* WHAT YOU WILL DO *
The expected output is the data below, restated word for word.

▼▼▼

theorem symmetric_matrix_spectral:
  fixes A :: "real^'n^'n"
  assumes sym: "transpose A = A"
  obtains Q d where "orthogonal_matrix Q" "A = Q ** diag_mat d ** transpose Q"
proof -
  obtain B where B: "pairwise orthogonal B" "UNIV \<subseteq> span B"
      "\<forall>b\<in>B. norm b = 1 \<and> (\<exists>l. A *v b = l *\<^sub>R b)"
    using symmetric_invariant_subspace_orthonormal_eigenbasis[OF sym, of UNIV] by auto
  have "0 \<notin> B" using B(3) norm_zero by (metis zero_neq_one)
  then have "independent B" using B(1) pairwise_orthogonal_independent by blast
  then have "finite B" and "dim B = card B"
    by (simp_all add: finiteI_independent dim_eq_card_independent)
  moreover have "dim B = dim (UNIV :: (real^'n) set)"
    by (metis B(2) dim_span top.extremum_uniqueI)
  ultimately have "card B = CARD('n)" by simp
  then obtain f where f: "bij_betw f (UNIV::'n set) B"
    using \<open>finite B\<close> finite_same_card_bij[of "UNIV::'n set" B] by auto
  then have fB: "f j \<in> B" and finj: "i \<noteq> j \<Longrightarrow> f i \<noteq> f j" for i j
    by (auto simp: bij_betw_def inj_on_def)
  have "\<forall>j. \<exists>l. A *v f j = l *\<^sub>R f j" using B(3) fB by blast
  then obtain lam where lam: "\<And>j. A *v f j = lam j *\<^sub>R f j" by metis
  define Q :: "real^'n^'n" where "Q = (\<chi> i j. f j $ i)"
  have "column j Q = f j" for j unfolding Q_def column_def by (simp add: vec_eq_iff)
  then have Q: "orthogonal_matrix Q"
    unfolding orthogonal_matrix_orthonormal_columns using B fB finj by (auto simp: pairwise_def)
  have "(A ** Q) $ i $ j = (Q ** diag_mat lam) $ i $ j" for i j
  proof -
    have "(A ** Q) $ i $ j = (A *v f j) $ i"
      by (simp add: matrix_matrix_mult_def matrix_vector_mult_def Q_def)
    also have "\<dots> = (Q ** diag_mat lam) $ i $ j"
      by (simp add: lam matrix_matrix_mult_def diag_mat_def Q_def if_distrib[of "\<lambda>x. _ * x"] cong: if_cong)
    finally show ?thesis .
  qed
  then have "A ** Q = Q ** diag_mat lam" by (simp add: vec_eq_iff)
  then have "A = Q ** diag_mat lam ** transpose Q"
    using Q by (metis matrix_mul_assoc matrix_mul_rid orthogonal_matrix_def)
  with Q that show ?thesis by blast
qed

lemma inner_conj_diag_mat_axis:
  assumes "orthogonal_matrix Q"
  shows "(Q *v axis i 1) \<bullet> ((Q ** diag_mat d ** transpose Q) *v (Q *v axis i 1)) = d i"
proof -
  have "transpose Q *v (Q *v axis i 1) = axis i 1"
    using assms by (simp add: matrix_vector_mul_assoc orthogonal_matrix_def del: transpose_matrix_vector)
  then show ?thesis
    by (simp add: inner_conj inner_diag_mat axis_def power2_eq_square if_distrib[of "\<lambda>x. _ * x"]
        cong: if_cong del: transpose_matrix_vector)
qed

definition pos_def :: "real^'n^'n \<Rightarrow> bool" where
  "pos_def X \<longleftrightarrow> transpose X = X \<and> (\<forall>x. x \<noteq> 0 \<longrightarrow> 0 < x \<bullet> (X *v x))"

lemma pos_def_conj_diag_mat_iff:
  assumes Q: "orthogonal_matrix Q"
  shows "pos_def (Q ** diag_mat d ** transpose Q) \<longleftrightarrow> (\<forall>i. 0 < d i)"
proof
  assume "pos_def (Q ** diag_mat d ** transpose Q)"
  moreover have "Q *v axis i 1 \<noteq> 0" for i
    using Q by (metis axis_eq_0_iff matrix_vector_mul_assoc matrix_vector_mul_lid
        orthogonal_matrix_def zero_neq_one matrix_vector_mult_0_right)
  ultimately show "\<forall>i. 0 < d i"
    unfolding pos_def_def using inner_conj_diag_mat_axis[OF Q] by metis
next
  assume d: "\<forall>i. 0 < d i"
  have "0 < x \<bullet> ((Q ** diag_mat d ** transpose Q) *v x)" if "x \<noteq> 0" for x
  proof -
    define y where "y = transpose Q *v x"
    have "y \<noteq> 0"
      using Q that unfolding y_def
      by (metis matrix_vector_mul_assoc matrix_vector_mul_lid orthogonal_matrix_def
          matrix_vector_mult_0_right)
    then obtain j where "y $ j \<noteq> 0" by (auto simp: vec_eq_iff)
    then have "0 < d j * (y $ j)\<^sup>2" using d by simp
    also have "\<dots> \<le> (\<Sum>i\<in>UNIV. d i * (y $ i)\<^sup>2)"
      by (rule member_le_sum) (use d in \<open>auto intro!: mult_nonneg_nonneg simp: less_imp_le\<close>)
    finally show ?thesis by (simp add: inner_conj inner_diag_mat y_def del: transpose_matrix_vector)
  qed
  then show "pos_def (Q ** diag_mat d ** transpose Q)"
    unfolding pos_def_def by (simp add: transpose_conj transpose_diag_mat)
qed

lemma pos_def_det_pos:
  assumes "pos_def X"
  shows "0 < det X"
proof -
  obtain Q d where Q: "orthogonal_matrix Q" and X: "X = Q ** diag_mat d ** transpose Q"
    using symmetric_matrix_spectral assms unfolding pos_def_def by blast
  then have "\<forall>i. 0 < d i" using assms pos_def_conj_diag_mat_iff by blast
  then show ?thesis by (simp add: X det_orthogonal_conj[OF Q] det_diag_mat prod_pos)
qed

lemma pos_def_congruence:
  fixes M :: "real^'n^'n"
  assumes Y: "pos_def Y" and M: "invertible M"
  shows "pos_def (transpose M ** Y ** M)"
  unfolding pos_def_def
proof (intro conjI allI impI)
  show "transpose (transpose M ** Y ** M) = transpose M ** Y ** M"
    using Y by (simp add: pos_def_def matrix_transpose_mul matrix_mul_assoc)
  fix x :: "real^'n" assume "x \<noteq> 0"
  then have "M *v x \<noteq> 0" using inj_matrix_vector_mult[OF M] by (metis injD matrix_vector_mult_0_right)
  then have "0 < (M *v x) \<bullet> (Y *v (M *v x))" using Y by (simp add: pos_def_def)
  then show "0 < x \<bullet> ((transpose M ** Y ** M) *v x)"
    by (simp add: matrix_vector_mul_assoc[symmetric] inner_matrix_vector_transpose[of x "transpose M"]
        del: transpose_matrix_vector)
qed

lemma transpose_add: "transpose (A + B) = transpose A + transpose (B::real^'n^'m)"
  by (simp add: transpose_def vec_eq_iff)

lemma convex_pos_def: "convex {X :: real^'n^'n. pos_def X}"
proof (rule convexI, clarsimp)
  fix X Y :: "real^'n^'n" and u v :: real
  assume X: "pos_def X" and Y: "pos_def Y" and uv: "0 \<le> u" "0 \<le> v" "u + v = 1"
  have "0 < x \<bullet> ((u *\<^sub>R X + v *\<^sub>R Y) *v x)" if "x \<noteq> 0" for x
  proof -
    have "0 < x \<bullet> (X *v x)" "0 < x \<bullet> (Y *v x)" using X Y that by (auto simp: pos_def_def)
    moreover have "x \<bullet> ((u *\<^sub>R X + v *\<^sub>R Y) *v x) = u * (x \<bullet> (X *v x)) + v * (x \<bullet> (Y *v x))"
      by (simp add: matrix_vector_mult_add_rdistrib scaleR_matrix_vector_assoc[symmetric] inner_add_right)
    ultimately show ?thesis using uv
      by (smt (verit) mult_pos_pos mult_nonneg_nonneg)
  qed
  then show "pos_def (u *\<^sub>R X + v *\<^sub>R Y)"
    using X Y by (simp add: pos_def_def transpose_add transpose_scalar)
qed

▲▲▲

* RESULT OF THE EXERCISE *
theorem symmetric_matrix_spectral:
  fixes A :: "real^'n^'n"
  assumes sym: "transpose A = A"
  obtains Q d where "orthogonal_matrix Q" "A = Q ** diag_mat d ** transpose Q"
proof -
  obtain B where B: "pairwise orthogonal B" "UNIV \<subseteq> span B"
      "\<forall>b\<in>B. norm b = 1 \<and> (\<exists>l. A *v b = l *\<^sub>R b)"
    using symmetric_invariant_subspace_orthonormal_eigenbasis[OF sym, of UNIV] by auto
  have "0 \<notin> B" using B(3) norm_zero by (metis zero_neq_one)
  then have "independent B" using B(1) pairwise_orthogonal_independent by blast
  then have "finite B" and "dim B = card B"
    by (simp_all add: finiteI_independent dim_eq_card_independent)
  moreover have "dim B = dim (UNIV :: (real^'n) set)"
    by (metis B(2) dim_span top.extremum_uniqueI)
  ultimately have "card B = CARD('n)" by simp
  then obtain f where f: "bij_betw f (UNIV::'n set) B"
    using \<open>finite B\<close> finite_same_card_bij[of "UNIV::'n set" B] by auto
  then have fB: "f j \<in> B" and finj: "i \<noteq> j \<Longrightarrow> f i \<noteq> f j" for i j
    by (auto simp: bij_betw_def inj_on_def)
  have "\<forall>j. \<exists>l. A *v f j = l *\<^sub>R f j" using B(3) fB by blast
  then obtain lam where lam: "\<And>j. A *v f j = lam j *\<^sub>R f j" by metis
  define Q :: "real^'n^'n" where "Q = (\<chi> i j. f j $ i)"
  have "column j Q = f j" for j unfolding Q_def column_def by (simp add: vec_eq_iff)
  then have Q: "orthogonal_matrix Q"
    unfolding orthogonal_matrix_orthonormal_columns using B fB finj by (auto simp: pairwise_def)
  have "(A ** Q) $ i $ j = (Q ** diag_mat lam) $ i $ j" for i j
  proof -
    have "(A ** Q) $ i $ j = (A *v f j) $ i"
      by (simp add: matrix_matrix_mult_def matrix_vector_mult_def Q_def)
    also have "\<dots> = (Q ** diag_mat lam) $ i $ j"
      by (simp add: lam matrix_matrix_mult_def diag_mat_def Q_def if_distrib[of "\<lambda>x. _ * x"] cong: if_cong)
    finally show ?thesis .
  qed
  then have "A ** Q = Q ** diag_mat lam" by (simp add: vec_eq_iff)
  then have "A = Q ** diag_mat lam ** transpose Q"
    using Q by (metis matrix_mul_assoc matrix_mul_rid orthogonal_matrix_def)
  with Q that show ?thesis by blast
qed

lemma inner_conj_diag_mat_axis:
  assumes "orthogonal_matrix Q"
  shows "(Q *v axis i 1) \<bullet> ((Q ** diag_mat d ** transpose Q) *v (Q *v axis i 1)) = d i"
proof -
  have "transpose Q *v (Q *v axis i 1) = axis i 1"
    using assms by (simp add: matrix_vector_mul_assoc orthogonal_matrix_def del: transpose_matrix_vector)
  then show ?thesis
    by (simp add: inner_conj inner_diag_mat axis_def power2_eq_square if_distrib[of "\<lambda>x. _ * x"]
        cong: if_cong del: transpose_matrix_vector)
qed

definition pos_def :: "real^'n^'n \<Rightarrow> bool" where
  "pos_def X \<longleftrightarrow> transpose X = X \<and> (\<forall>x. x \<noteq> 0 \<longrightarrow> 0 < x \<bullet> (X *v x))"

lemma pos_def_conj_diag_mat_iff:
  assumes Q: "orthogonal_matrix Q"
  shows "pos_def (Q ** diag_mat d ** transpose Q) \<longleftrightarrow> (\<forall>i. 0 < d i)"
proof
  assume "pos_def (Q ** diag_mat d ** transpose Q)"
  moreover have "Q *v axis i 1 \<noteq> 0" for i
    using Q by (metis axis_eq_0_iff matrix_vector_mul_assoc matrix_vector_mul_lid
        orthogonal_matrix_def zero_neq_one matrix_vector_mult_0_right)
  ultimately show "\<forall>i. 0 < d i"
    unfolding pos_def_def using inner_conj_diag_mat_axis[OF Q] by metis
next
  assume d: "\<forall>i. 0 < d i"
  have "0 < x \<bullet> ((Q ** diag_mat d ** transpose Q) *v x)" if "x \<noteq> 0" for x
  proof -
    define y where "y = transpose Q *v x"
    have "y \<noteq> 0"
      using Q that unfolding y_def
      by (metis matrix_vector_mul_assoc matrix_vector_mul_lid orthogonal_matrix_def
          matrix_vector_mult_0_right)
    then obtain j where "y $ j \<noteq> 0" by (auto simp: vec_eq_iff)
    then have "0 < d j * (y $ j)\<^sup>2" using d by simp
    also have "\<dots> \<le> (\<Sum>i\<in>UNIV. d i * (y $ i)\<^sup>2)"
      by (rule member_le_sum) (use d in \<open>auto intro!: mult_nonneg_nonneg simp: less_imp_le\<close>)
    finally show ?thesis by (simp add: inner_conj inner_diag_mat y_def del: transpose_matrix_vector)
  qed
  then show "pos_def (Q ** diag_mat d ** transpose Q)"
    unfolding pos_def_def by (simp add: transpose_conj transpose_diag_mat)
qed

lemma pos_def_det_pos:
  assumes "pos_def X"
  shows "0 < det X"
proof -
  obtain Q d where Q: "orthogonal_matrix Q" and X: "X = Q ** diag_mat d ** transpose Q"
    using symmetric_matrix_spectral assms unfolding pos_def_def by blast
  then have "\<forall>i. 0 < d i" using assms pos_def_conj_diag_mat_iff by blast
  then show ?thesis by (simp add: X det_orthogonal_conj[OF Q] det_diag_mat prod_pos)
qed

lemma pos_def_congruence:
  fixes M :: "real^'n^'n"
  assumes Y: "pos_def Y" and M: "invertible M"
  shows "pos_def (transpose M ** Y ** M)"
  unfolding pos_def_def
proof (intro conjI allI impI)
  show "transpose (transpose M ** Y ** M) = transpose M ** Y ** M"
    using Y by (simp add: pos_def_def matrix_transpose_mul matrix_mul_assoc)
  fix x :: "real^'n" assume "x \<noteq> 0"
  then have "M *v x \<noteq> 0" using inj_matrix_vector_mult[OF M] by (metis injD matrix_vector_mult_0_right)
  then have "0 < (M *v x) \<bullet> (Y *v (M *v x))" using Y by (simp add: pos_def_def)
  then show "0 < x \<bullet> ((transpose M ** Y ** M) *v x)"
    by (simp add: matrix_vector_mul_assoc[symmetric] inner_matrix_vector_transpose[of x "transpose M"]
        del: transpose_matrix_vector)
qed

lemma transpose_add: "transpose (A + B) = transpose A + transpose (B::real^'n^'m)"
  by (simp add: transpose_def vec_eq_iff)

lemma convex_pos_def: "convex {X :: real^'n^'n. pos_def X}"
proof (rule convexI, clarsimp)
  fix X Y :: "real^'n^'n" and u v :: real
  assume X: "pos_def X" and Y: "pos_def Y" and uv: "0 \<le> u" "0 \<le> v" "u + v = 1"
  have "0 < x \<bullet> ((u *\<^sub>R X + v *\<^sub>R Y) *v x)" if "x \<noteq> 0" for x
  proof -
    have "0 < x \<bullet> (X *v x)" "0 < x \<bullet> (Y *v x)" using X Y that by (auto simp: pos_def_def)
    moreover have "x \<bullet> ((u *\<^sub>R X + v *\<^sub>R Y) *v x) = u * (x \<bullet> (X *v x)) + v * (x \<bullet> (Y *v x))"
      by (simp add: matrix_vector_mult_add_rdistrib scaleR_matrix_vector_assoc[symmetric] inner_add_right)
    ultimately show ?thesis using uv
      by (smt (verit) mult_pos_pos mult_nonneg_nonneg)
  qed
  then show "pos_def (u *\<^sub>R X + v *\<^sub>R Y)"
    using X Y by (simp add: pos_def_def transpose_add transpose_scalar)
qed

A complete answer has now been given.